Mathematical Models to Compare Shale Gas Utilization Processes.
AIChE Annual Meeting
2021
2021 Annual Meeting
Annual Student Conference
Undergraduate Student Poster Session: Computing and Process Control
Monday, November 8, 2021 - 10:00am to 12:30pm
The migration towards more renewable sources of energy with the intention of controlling and reducing fossil fuel emissions has become the focus of many. Because of this, there is an existing demand to develop more environmentally friendly methods to produce energy. Recent studies have shown that shale gas is a comparatively cleaner alternative to other fossil fuel sources since it has lower concentrations of sulfides making it an attractive alternative to help transition into cleaner technologies. Shale gas production in recent years has grown due to advances in drilling like horizontal fracking methods which has led to a revolution and has created opportunities for the development of multiple shale utilization technologies. In order to find the most efficient and economically viable hydrocarbon conversion technologies, various technology alternatives, feedstock, and products need to be evaluated for different feedstock compositions and product portfolios. In this work we are working towards creating a superstructure framework which will enable a rapid screening of various candidate technologies. Evaluating in silico would show the benefits of candidate process technologies, to determine future direction of research by setting performance targets for material and unit model design. We first analyze two shale gas processing alternatives: the conventional alternative for shale gas processing and the proposed CISTAR alternative.
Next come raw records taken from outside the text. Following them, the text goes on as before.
lemma swap_is_matching:
  assumes "is_matching E M1" "is_matching E M2" "B \<subseteq> M1 \<union> M2" "\<Union>A \<inter> \<Union>B = {}"
  shows "is_matching E (M1 \<inter> M2 \<union> A \<inter> M1 \<union> (B - M1))"
  unfolding is_matching_def
proof (intro conjI ballI impI)
  have "M1 \<subseteq> E" "M2 \<subseteq> E" using assms(1,2) unfolding is_matching_def by auto
  then show "M1 \<inter> M2 \<union> A \<inter> M1 \<union> (B - M1) \<subseteq> E" using assms(3) by auto
next
  fix f g assume f: "f \<in> M1 \<inter> M2 \<union> A \<inter> M1 \<union> (B - M1)" and g: "g \<in> M1 \<inter> M2 \<union> A \<inter> M1 \<union> (B - M1)"
    and "f \<noteq> g"
  consider "f \<in> M1" "g \<in> M1" | "f \<in> M2" "g \<in> M2" | "f \<in> A" "g \<in> B" | "f \<in> B" "g \<in> A"
    using f g assms(3) by auto
  then show "f \<inter> g = {}"
  proof cases
    case 1
    then show ?thesis using assms(1) \<open>f \<noteq> g\<close> unfolding is_matching_def by blast
  next
    case 2
    then show ?thesis using assms(2) \<open>f \<noteq> g\<close> unfolding is_matching_def by blast
  qed (use assms(4) in auto)
qed

definition degree_in :: "'v set set \<Rightarrow> 'v \<Rightarrow> int" where
  "degree_in Y v = (\<Sum>f\<in>Y. of_bool (v \<in> f))"

definition signed_degree :: "'v set set \<Rightarrow> 'v set set \<Rightarrow> 'v \<Rightarrow> int" where
  "signed_degree M Y v = (\<Sum>f\<in>Y. if v \<in> f then (if f \<in> M then 1 else -1) else 0)"

text \<open>A path alternating between $M$ and another matching has imbalance 2 (at its two ends),
  an alternating cycle has imbalance 0.\<close>

definition imbalance :: "'v set set \<Rightarrow> 'v set \<Rightarrow> 'v set set \<Rightarrow> int" where
  "imbalance M V Y = (\<Sum>v\<in>V. \<bar>signed_degree M Y v\<bar>)"

lemma degree_in_matching:
  assumes "finite N" "is_matching E N"
  shows "degree_in N v = of_bool (v \<in> \<Union>N)"
proof -
  have "\<forall>f\<in>N \<inter> {f. v \<in> f}. \<forall>g\<in>N \<inter> {f. v \<in> f}. f = g"
    using assms(2) unfolding is_matching_def by blast
  then have "card (N \<inter> {f. v \<in> f}) \<le> 1"
    using assms(1) by (simp add: card_le_Suc0_iff_eq)
  moreover have "card (N \<inter> {f. v \<in> f}) = 0 \<longleftrightarrow> v \<notin> \<Union>N"
    using assms(1) by auto
  ultimately show ?thesis
    unfolding degree_in_def using assms(1) by (cases "card (N \<inter> {f. v \<in> f})") auto
qed

lemma card_Int_Union_matching:
  assumes "finite S" "finite N" "is_matching E N"
  shows "int (card (S \<inter> \<Union>N)) = (\<Sum>v\<in>S. degree_in N v)"
  using assms by (simp add: degree_in_matching Int_def)

lemma signed_degree_eq_degree_diff:
  assumes "finite Y"
  shows "signed_degree M Y v = degree_in (Y \<inter> M) v - degree_in (Y - M) v"
proof -
  have "degree_in (Y \<inter> M) v = (\<Sum>f\<in>Y. if f \<in> M then of_bool (v \<in> f) else 0)"
    "degree_in (Y - M) v = (\<Sum>f\<in>Y. if f \<notin> M then of_bool (v \<in> f) else 0)"
    unfolding degree_in_def using assms
    by (simp_all add: sum.inter_filter[symmetric] Int_def set_diff_eq)
  then show ?thesis
    unfolding signed_degree_def by (auto simp: sum_subtractf[symmetric] intro!: sum.cong)
qed

lemma signed_degree_Union:
  assumes "\<forall>B\<in>T. finite B" "disjoint T"
  shows "signed_degree M (\<Union>T) v = (\<Sum>B\<in>T. signed_degree M B v)"
  unfolding signed_degree_def
  using sum.Union_disjoint[of T] assms by (simp add: pairwise_def disjnt_def)
(* Let $p$ be the POP of length 4 defined by the relations $1>2$ and $4>3$; equivalently, avoiding $p$ means simultaneously avoiding the patterns $2134, 3124, 4123, 3214, 4213, 4312$. Let $a(n)=|S_n(p)|$. Then $a(0)=1$, and for $n\geq 1$, $a(n)=2a(n-1)+2^{n-1}-2$, so that $a(n)=(n-2)2^{n-1}+2$ for $n\geq 1$. Moreover, $$\sum_{n\geq 0}a(n)x^n=\frac{1-4x+5x^2}{(1-x)(1-2x)^2}.$$
   Context: An $n$-permutation is a word $\pi=\pi_1\cdots\pi_n$ containing each of $1,\ldots,n$ exactly once; $S_n$ is the set of $n$-permutations ($S_0$ consists of the empty permutation). A partially ordered pattern (POP) $p$ of length $k$ is a partial order on the label set $\{1,\ldots,k\}$; it is described by a set of generating relations, where a relation $x>y$ means that in an occurrence the entry in the $x$-th chosen position must be larger than the entry in the $y$-th chosen position, and labels not involved in any relation are unconstrained. An $n$-permutation $\pi$ contains $p$ if there are indices $1\leq i_1<\cdots<i_k\leq n$ such that $\pi_{i_x}>\pi_{i_y}$ whenever $x>y$ in the partial order; otherwise $\pi$ avoids $p$. $S_n(p)$ denotes the set of $n$-permutations avoiding $p$. A permutation $\pi$ avoids a classical pattern $q$ if it has no subsequence order-isomorphic to $q$. *)

theory Defs
  imports "HOL-Computational_Algebra.Formal_Power_Series"
begin

definition perms :: "nat \<Rightarrow> nat list set" where
  "perms n = {\<pi>. distinct \<pi> \<and> set \<pi> = {1..n}}"

text \<open>A POP of length k given by a set R of generating relations (x,y) meaning x > y,
  labels in {1..k}. Positions in the word are 0-indexed.\<close>
definition contains_pop :: "nat \<Rightarrow> (nat \<times> nat) set \<Rightarrow> nat list \<Rightarrow> bool" where
  "contains_pop k R \<pi> \<longleftrightarrow>
     (\<exists>i::nat \<Rightarrow> nat.
        (\<forall>x\<in>{1..k}. \<forall>y\<in>{1..k}. x < y \<longrightarrow> i x < i y) \<and>
        (\<forall>x\<in>{1..k}. i x < length \<pi>) \<and>
        (\<forall>(x, y)\<in>R. \<pi> ! (i x) > \<pi> ! (i y)))"

definition avoids_pop :: "nat \<Rightarrow> (nat \<times> nat) set \<Rightarrow> nat list \<Rightarrow> bool" where
  "avoids_pop k R \<pi> \<longleftrightarrow> \<not> contains_pop k R \<pi>"
lemma faithful_right_action_eqI:
  assumes faithful: "faithful_right_action G X act" and "a \<in> carrier G" "b \<in> carrier G"
    and eq: "\<And>x. x \<in> X \<Longrightarrow> act x a = act x b"
  shows "a = b"
proof -
  have action: "right_action G X act"
    using faithful by (simp add: faithful_right_action_def)
  have "act x (a \<otimes> inv b) = x" if "x \<in> X" for x
  proof -
    have "act x (a \<otimes> inv b) = act (act x a) (inv b)"
      using action that \<open>a \<in> carrier G\<close> \<open>b \<in> carrier G\<close> by (simp add: right_action_def)
    also have "\<dots> = act (act x b) (inv b)"
      using eq that by simp
    also have "\<dots> = x"
      using right_action_inv_cancel(1)[OF action that \<open>b \<in> carrier G\<close>] .
    finally show ?thesis .
  qed
  then have "a \<otimes> inv b = \<one>"
    using faithful assms by (simp add: faithful_right_action_def)
  then show ?thesis
    using assms by (metis inv_closed inv_equality inv_inv)
qed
The conventional alternative consists of thermal cracking units and large scale refinement facilities which makes the process energy and capital intensive. CISTAR is trying to use catalytic dehydrogenation and oligomerization in addition to membrane based separation systems to reduce energy requirement and improve scalability of the process. We converted these process flowsheets into mathematical models defining the mass balance across units in python pyomo. After the models were validated using data from our CISTAR collaborators a sensitivity analysis was carried out varying different values for conversion factors in each reactor. As an ongoing work we are exploring more complex unit models by taking into consideration the energy balance of the process, performing a techno-economic analysis including equipment and operating costs as well as the revenue produced by the system, add other shale gas processing alternatives to our model, and finally consider different viable process configurations in order to find the optimal set up.